Our romanticized notion of nature is enabled because much of the United States has been domesticated for human use. But my dad is from Ghana, where nature eats you. Do not confuse your camping trip in the state park with a relationship with nature. You are in a garden that has been manufactured for your amusement. Even your body is about as natural as a Bonzai tree, with your immunizations, glasses/contact lenses, and dental work.
This is good. Freedom only becomes relevant after nature has already been worked on and curated. The only nature you know is the nature we’ve domesticated. Your freedom is won because we’ve made nature an artifice. You are welcome.
Against the Notion of Freedom in Choice:
Some people think that freedom is just choice. But if we treat choice as the sole principle of freedom, it’ll validate the content of every choice as the realization of freedom. Here are two problems with this. (1) If persons aren’t reflected in their options, then they’ll “freely” choose their way into oppression. (2) It’s not obvious why you should expect others to constrain themselves by choosing to respect your choices, because that expectation goes against their freedom as choice.

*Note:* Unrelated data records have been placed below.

(* A class $\mathcal C$ of finite graphs has bounded expansion if and only if for every $r\in\mathbb N$ we have $\sup_{G\in\mathcal C}\mathrm{copw}_r(G)<\infty$.
   Context: Graphs are finite, simple, undirected. For a graph $G$ and $r\in\mathbb N$, $\tilde\nabla_r(G)$ is the maximum of $2|E(H)|/|V(H)|$ over all graphs $H$ such that some graph obtained from $H$ by replacing every edge by a path of length at most $r+1$ is a subgraph of $G$. A class $\mathcal C$ has bounded expansion if $\sup_{G\in\mathcal C}\tilde\nabla_r(G)<\infty$ for every $r$. The Cops and Robber game of radius $r$ and width $k$ on $G$: let $S_0=\emptyset$ and the robber choose $v_0\in V(G)$; in round $i\ge1$ the cops announce $S_i\subseteq V(G)$, $|S_i|\le k$, and the robber moves from $v_{i-1}$ to $v_i$ along a path of length at most $r$ (length $0$ allowed) avoiding $S_{i-1}\cap S_i$; the cops win if $v_i\in S_i$ for some $i$. $\mathrm{copw}_r(G)$ is the least $k$ such that the cops have a winning strategy. *)

theory Defs
  imports Complex_Main
begin

type_synonym 'a graph = "'a set \<times> 'a set set"

definition verts :: "'a graph \<Rightarrow> 'a set" where "verts G = fst G"
definition edges :: "'a graph \<Rightarrow> 'a set set" where "edges G = snd G"

definition is_graph :: "'a graph \<Rightarrow> bool" where
  "is_graph G \<longleftrightarrow> finite (verts G) \<and>
     (\<forall>e\<in>edges G. \<exists>u v. e = {u, v} \<and> u \<noteq> v \<and> u \<in> verts G \<and> v \<in> verts G)"

definition is_path :: "'a graph \<Rightarrow> 'a list \<Rightarrow> bool" where
  "is_path G p \<longleftrightarrow> p \<noteq> [] \<and> distinct p \<and> set p \<subseteq> verts G \<and>
     (\<forall>i. Suc i < length p \<longrightarrow> {p ! i, p ! Suc i} \<in> edges G)"

definition path_len :: "'a list \<Rightarrow> nat" where "path_len p = length p - 1"

definition inner_verts :: "'a list \<Rightarrow> 'a set" where
  "inner_verts p = set (butlast (tl p))"

text \<open>(VH, EH) is a graph H some subdivision of which, replacing every edge by a
path of length at most r+1, is a subgraph of G. Without loss of generality the
branch vertices of H are identified with their images in G.\<close>

definition shallow_top_minor :: "nat \<Rightarrow> 'a graph \<Rightarrow> 'a graph \<Rightarrow> bool" where
  "shallow_top_minor r G H \<longleftrightarrow> is_graph H \<and> verts H \<subseteq> verts G \<and>
     (\<exists>P :: 'a set \<Rightarrow> 'a list.
        (\<forall>e\<in>edges H. is_path G (P e) \<and> {hd (P e), last (P e)} = e \<and>
                      path_len (P e) \<le> r + 1 \<and> inner_verts (P e) \<inter> verts H = {}) \<and>
        (\<forall>e\<in>edges H. \<forall>f\<in>edges H. e \<noteq> f \<longrightarrow> inner_verts (P e) \<inter> inner_verts (P f) = {}))"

Regarding the first concern, every choice that is made among externally given options would be justified without accounting for how those options may be alienating, e.g., an ethical vegetarian may be in a position of choosing between stews that contain either chicken, beef or pork. This choice of stew is not a mechanism of self-determination, although it is a choice. As to the second concern, whatever properties you give yourself are not assured any objective stability, e.g., you could choose to become a soccer player, but what if the person you play with chooses to pick up the ball with her hands? If that’s the case, you can never validly realize yourself as soccer player because the identity depends upon other people playing along and not choosing to frustrate you or choose to trespass the rules of the game. The issue is going to be, “By what right do I keep them from choosing to break the rules?”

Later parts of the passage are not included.